On Not Quitting: Students Look to Athletes for Inspiration

Ask a college or professional ball player what he or she does after a bad game, or a losing season.  Unless the person suffered a serious injury, likely the answer will be:  I went back in and did my very best at the next game. I practiced, and practiced, and practiced more.  I looked at what I did before and found ways to play better, stronger, harder, and smarter.  As the late John Wooden put it, “Failure is not fatal, but failure to change might be.”

Students, whether in high school, college, or graduate school, can take a page out of this sports book.  When your grades are not what you know they could be or your scores on the SAT, LSAT, MCAT, or other standardized tests are not as high as you know that they could be, figure out a new game plan.  (Same strategy if you fail the bar exam, get back in the game!)

Don’t quit and don’t wallow in frustration or self doubt.

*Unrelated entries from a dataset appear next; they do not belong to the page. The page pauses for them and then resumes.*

(* Let $P=(X,\leq)$ be a partially ordered set whose incomparability graph is locally finite. Then there exist a partition of $X$ into antichains and a chain $C\subseteq X$ of $P$ such that $C$ intersects every member of the partition.
   Context: The incomparability graph of a poset $P=(X,\leq)$ is the graph with vertex set $X$ whose edges are the pairs $\{u,v\}$ of distinct elements that are incomparable in $P$ (neither $u\leq v$ nor $v\leq u$). A graph is locally finite if every vertex is adjacent to finitely many vertices. An antichain is a set of pairwise incomparable elements; a chain is a set of pairwise comparable elements. *)

theory Defs
  imports Main "HOL-Library.Disjoint_Sets"
begin

text \<open>A poset is a carrier X with a relation r satisfying partial_order_on X r;
  only pairs inside X matter.\<close>

definition incomparable :: "'a rel \<Rightarrow> 'a \<Rightarrow> 'a \<Rightarrow> bool" where
  "incomparable r x y \<longleftrightarrow> (x, y) \<notin> r \<and> (y, x) \<notin> r"

definition incomp_nbhd :: "'a set \<Rightarrow> 'a rel \<Rightarrow> 'a \<Rightarrow> 'a set" where
  "incomp_nbhd X r x = {y \<in> X. y \<noteq> x \<and> incomparable r x y}"

definition incomp_graph_locally_finite :: "'a set \<Rightarrow> 'a rel \<Rightarrow> bool" where
  "incomp_graph_locally_finite X r \<longleftrightarrow> (\<forall>x\<in>X. finite (incomp_nbhd X r x))"

definition antichain_in :: "'a set \<Rightarrow> 'a rel \<Rightarrow> 'a set \<Rightarrow> bool" where
  "antichain_in X r A \<longleftrightarrow> A \<subseteq> X \<and> (\<forall>x\<in>A. \<forall>y\<in>A. x \<noteq> y \<longrightarrow> incomparable r x y)"

definition chain_in :: "'a set \<Rightarrow> 'a rel \<Rightarrow> 'a set \<Rightarrow> bool" where
  "chain_in X r C \<longleftrightarrow> C \<subseteq> X \<and> (\<forall>x\<in>C. \<forall>y\<in>C. (x, y) \<in> r \<or> (y, x) \<in> r)"

end

theory Submission
  imports Defs "HOL-Analysis.Function_Topology"
begin

text \<open>A partition into antichains together with a chain meeting every block is the same as a
  map f that is idempotent, whose fixed points form a chain and whose fibres are antichains:
  f sends each element to the chain element of its block. For finite posets such a map is built
  by induction, removing the antichain M of minimal elements: M becomes a new block, and its
  representative is an element of M below the least chain element of the rest. Since x and f x lie
  in a common antichain, f x is x or an incomparability neighbour of x, so under local finiteness
  f ranges over a product of finite sets; Tychonoff's theorem turns the solutions on all finite
  subsets into one on the whole poset.\<close>

definition chain_retraction :: "'a rel \<Rightarrow> 'a set \<Rightarrow> ('a \<Rightarrow> 'a) \<Rightarrow> bool" where
  "chain_retraction r F f \<longleftrightarrow>
     (\<forall>x\<in>F. f (f x) = f x) \<and>
     (\<forall>x\<in>F. \<forall>y\<in>F. f x = x \<longrightarrow> f y = y \<longrightarrow> (x, y) \<in> r \<or> (y, x) \<in> r) \<and>
     (\<forall>x\<in>F. \<forall>y\<in>F. x \<noteq> y \<longrightarrow> f x = f y \<longrightarrow> incomparable r x y)"

lemma chain_retraction_subset:
  "chain_retraction r G f \<Longrightarrow> F \<subseteq> G \<Longrightarrow> chain_retraction r F f"
  unfolding chain_retraction_def by blast

lemma chain_retraction_cong:
  assumes "chain_retraction r F f" and "\<forall>x \<in> F \<union> f ` F. g x = f x"
  shows "chain_retraction r F g"
  using assms unfolding chain_retraction_def by auto

lemma chain_retraction_finite_character:
  assumes "\<And>F. finite F \<Longrightarrow> F \<subseteq> X \<Longrightarrow> chain_retraction r F f"
  shows "chain_retraction r X f"
proof -
  have "chain_retraction r {x, y} f" if "x \<in> X" "y \<in> X" for x y
    using assms that by simp
  then show ?thesis
    unfolding chain_retraction_def by (metis insertCI)
qed

lemma chain_retraction_incomparable:
  assumes "chain_retraction r F f" "x \<in> F" "f x \<in> F" "f x \<noteq> x"
  shows "incomparable r x (f x)"
  using assms unfolding chain_retraction_def by metis

lemma chain_retraction_Un_antichain:
  assumes f: "chain_retraction r B f" "f ` B \<subseteq> B"
    and A: "\<forall>x\<in>A. \<forall>y\<in>A. x \<noteq> y \<longrightarrow> incomparable r x y" "A \<inter> B = {}"
    and m: "m \<in> A" "(m, m) \<in> r" "\<forall>c\<in>B. f c = c \<longrightarrow> (m, c) \<in> r"
  defines "g \<equiv> \<lambda>x. if x \<in> A then m else f x"
  shows "chain_retraction r (A \<union> B) g" "g ` (A \<union> B) \<subseteq> A \<union> B"
proof -
  have gB: "g x = f x" "f x \<notin> A" if "x \<in> B" for x
    using that f(2) A(2) unfolding g_def by auto
  have "g (g x) = g x" if "x \<in> A \<union> B" for x
    using that f(1) gB m(1) unfolding chain_retraction_def g_def by auto
  moreover have "(x, y) \<in> r \<or> (y, x) \<in> r"
    if "x \<in> A \<union> B" "y \<in> A \<union> B" "g x = x" "g y = y" for x y
    using that f(1) gB m A(2) unfolding chain_retraction_def g_def
    by (smt (verit) Un_iff disjoint_iff)
  moreover have "incomparable r x y"
    if "x \<in> A \<union> B" "y \<in> A \<union> B" "x \<noteq> y" "g x = g y" for x y
    using that f(1) gB m(1) A unfolding chain_retraction_def g_def
    by (smt (verit) Un_iff)
  ultimately show "chain_retraction r (A \<union> B) g"
    unfolding chain_retraction_def by blast
  show "g ` (A \<union> B) \<subseteq> A \<union> B"
    using gB f(2) m(1) unfolding g_def by auto
qed

lemma finite_partial_order_minimal_below:
  assumes po: "partial_order_on X r" and Y: "finite Y" "Y \<subseteq> X" "y \<in> Y"
  shows "\<exists>m\<in>Y. (m, y) \<in> r \<and> (\<forall>z\<in>Y. (z, m) \<in> r \<longrightarrow> z = m)"
proof -
  have refl: "(y, y) \<in> r" and tr: "trans r" and an: "antisym r"
    using partial_order_onD[OF po] Y by (auto simp: refl_on_def)
  define less where "less a b \<longleftrightarrow> (a, b) \<in> r \<and> a \<noteq> b" for a b
  have "asymp_on Y less" "transp_on Y less"
    using tr an unfolding less_def asymp_on_def transp_on_def
    by (auto dest: antisymD transD)
  then obtain m where m: "m \<in> Y" "(m, y) \<in> r" "\<forall>z\<in>Y. less z m \<longrightarrow> (z, y) \<notin> r"
    using Finite_Set.bex_min_element_with_property[of Y less "\<lambda>z. (z, y) \<in> r"] Y refl
    by blast
  have "z = m" if "z \<in> Y" "(z, m) \<in> r" for z
    using m that tr unfolding less_def by (meson transD)
  with m show ?thesis by blast
qed

lemma finite_chain_has_least:
  assumes po: "partial_order_on X r"
    and C: "finite C" "C \<subseteq> X" "C \<noteq> {}" "\<forall>x\<in>C. \<forall>y\<in>C. (x, y) \<in> r \<or> (y, x) \<in> r"
  shows "\<exists>c\<in>C. \<forall>z\<in>C. (c, z) \<in> r"
proof -
  obtain y where "y \<in> C" using C(3) by blast
  then obtain c where c: "c \<in> C" "\<forall>z\<in>C. (z, c) \<in> r \<longrightarrow> z = c"
    using finite_partial_order_minimal_below[OF po C(1,2)] by blast
  have "(c, z) \<in> r" if "z \<in> C" for z
    using that c C(4) by blast
  with c(1) show ?thesis by blast
qed

lemma finite_chain_retraction_exists:
  assumes po: "partial_order_on X r" and "finite Y" "Y \<subseteq> X"
  shows "\<exists>f. chain_retraction r Y f \<and> f ` Y \<subseteq> Y"
  using assms(2,3)
proof (induction Y rule: finite_psubset_induct)
  case (psubset Y)
  show ?case
  proof (cases "Y = {}")
    case True
    then show ?thesis unfolding chain_retraction_def by auto
  next
    case False
    define M where "M = {m\<in>Y. \<forall>z\<in>Y. (z, m) \<in> r \<longrightarrow> z = m}"
    have M_antichain: "\<forall>x\<in>M. \<forall>y\<in>M. x \<noteq> y \<longrightarrow> incomparable r x y"
      unfolding M_def incomparable_def by blast
    have M_below: "\<exists>m\<in>M. (m, y) \<in> r" if "y \<in> Y" for y
      using finite_partial_order_minimal_below[OF po psubset.hyps(1) psubset.prems that]
      unfolding M_def by blast
    have "M \<noteq> {}" using False M_below by blast
    have MY: "M \<subseteq> Y" unfolding M_def by blast
    then have "Y - M \<subset> Y" using \<open>M \<noteq> {}\<close> by blast
    moreover have "Y - M \<subseteq> X" using psubset.prems by blast
    ultimately have "\<exists>f. chain_retraction r (Y - M) f \<and> f ` (Y - M) \<subseteq> Y - M"
      by (rule psubset.IH)
    then obtain f where f: "chain_retraction r (Y - M) f" "f ` (Y - M) \<subseteq> Y - M"
      by auto
    define C where "C = {c \<in> Y - M. f c = c}"
    have "\<exists>m\<in>M. \<forall>c\<in>C. (m, c) \<in> r"
    proof (cases "C = {}")
      case False
      moreover have "finite C" "C \<subseteq> X" "\<forall>x\<in>C. \<forall>y\<in>C. (x, y) \<in> r \<or> (y, x) \<in> r"
        using psubset.hyps(1) psubset.prems f(1) unfolding C_def chain_retraction_def by auto
      ultimately obtain c where c: "c \<in> C" "\<forall>z\<in>C. (c, z) \<in> r"
        using finite_chain_has_least[OF po] by blast
      moreover obtain m where "m \<in> M" "(m, c) \<in> r"
        using M_below c(1) unfolding C_def by blast
      ultimately show ?thesis
        using partial_order_onD(2)[OF po] by (meson transD)
    qed (use \<open>M \<noteq> {}\<close> in blast)
    then obtain m where m: "m \<in> M" "\<forall>c\<in>Y - M. f c = c \<longrightarrow> (m, c) \<in> r"
      unfolding C_def by blast
    have "(m, m) \<in> r"
      using m(1) MY psubset.prems partial_order_onD(1)[OF po] unfolding refl_on_def by blast
    moreover have "M \<inter> (Y - M) = {}" "M \<union> (Y - M) = Y"
      using MY by auto
    ultimately show ?thesis
      using chain_retraction_Un_antichain[OF f M_antichain _ m(1) _ m(2)] by metis
  qed
qed

lemma closedin_product_discrete_finitely_determined:
  assumes "finite G" "G \<subseteq> I"
    and determined: "\<And>f g. f \<in> PiE I S \<Longrightarrow> g \<in> PiE I S \<Longrightarrow> (\<forall>i\<in>G. f i = g i) \<Longrightarrow> P f \<Longrightarrow> P g"
  shows "closedin (product_topology (\<lambda>i. discrete_topology (S i)) I) {f \<in> PiE I S. P f}"
proof -
  let ?T = "product_topology (\<lambda>i. discrete_topology (S i)) I"
  have "openin ?T {f \<in> PiE I S. \<not> P f}"
  proof (subst openin_subopen, intro ballI)
    fix f assume f: "f \<in> {f \<in> PiE I S. \<not> P f}"
    let ?N = "(\<Inter>i\<in>G. {g \<in> topspace ?T. g i \<in> {f i}}) \<inter> topspace ?T"
    have "openin ?T ?N"
    proof (rule openin_INT[OF assms(1)])
      fix i assume "i \<in> G"
      with assms(2) have "i \<in> I" by auto
      then show "openin ?T {g \<in> topspace ?T. g i \<in> {f i}}"
        using openin_continuous_map_preimage[OF continuous_map_product_projection[OF \<open>i \<in> I\<close>,
              of "\<lambda>i. discrete_topology (S i)"], of "{f i}"] f
        by auto
    qed
    moreover have "?N \<subseteq> {f \<in> PiE I S. \<not> P f}"
      using determined[of _ f] f by auto
    moreover have "f \<in> ?N" using f by auto
    ultimately show "\<exists>T. openin ?T T \<and> f \<in> T \<and> T \<subseteq> {f \<in> PiE I S. \<not> P f}" by blast
  qed
  moreover have "topspace ?T - {f \<in> PiE I S. P f} = {f \<in> PiE I S. \<not> P f}" by auto
  ultimately show ?thesis unfolding closedin_def by auto
qed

Channel your energy into effective practice.  Read more.  Take practice exams.  Talk with professors who can help you see how to learn what you need to know.  Find ways to study better, stronger, harder, and smarter. Another John Wooden reflection, “Don’t measure yourself by what you have accomplished, but by what you should have accomplished with your ability.”

There is an analogy between high stakes exams and high stakes sports competitions.  Let us as students and educators, learn from great sports lessons.  And, let us soar to success with hard, smart work.  A third and final Wooden quote for the day: “Success comes from knowing that you did your best to become the best that you are capable of becoming.”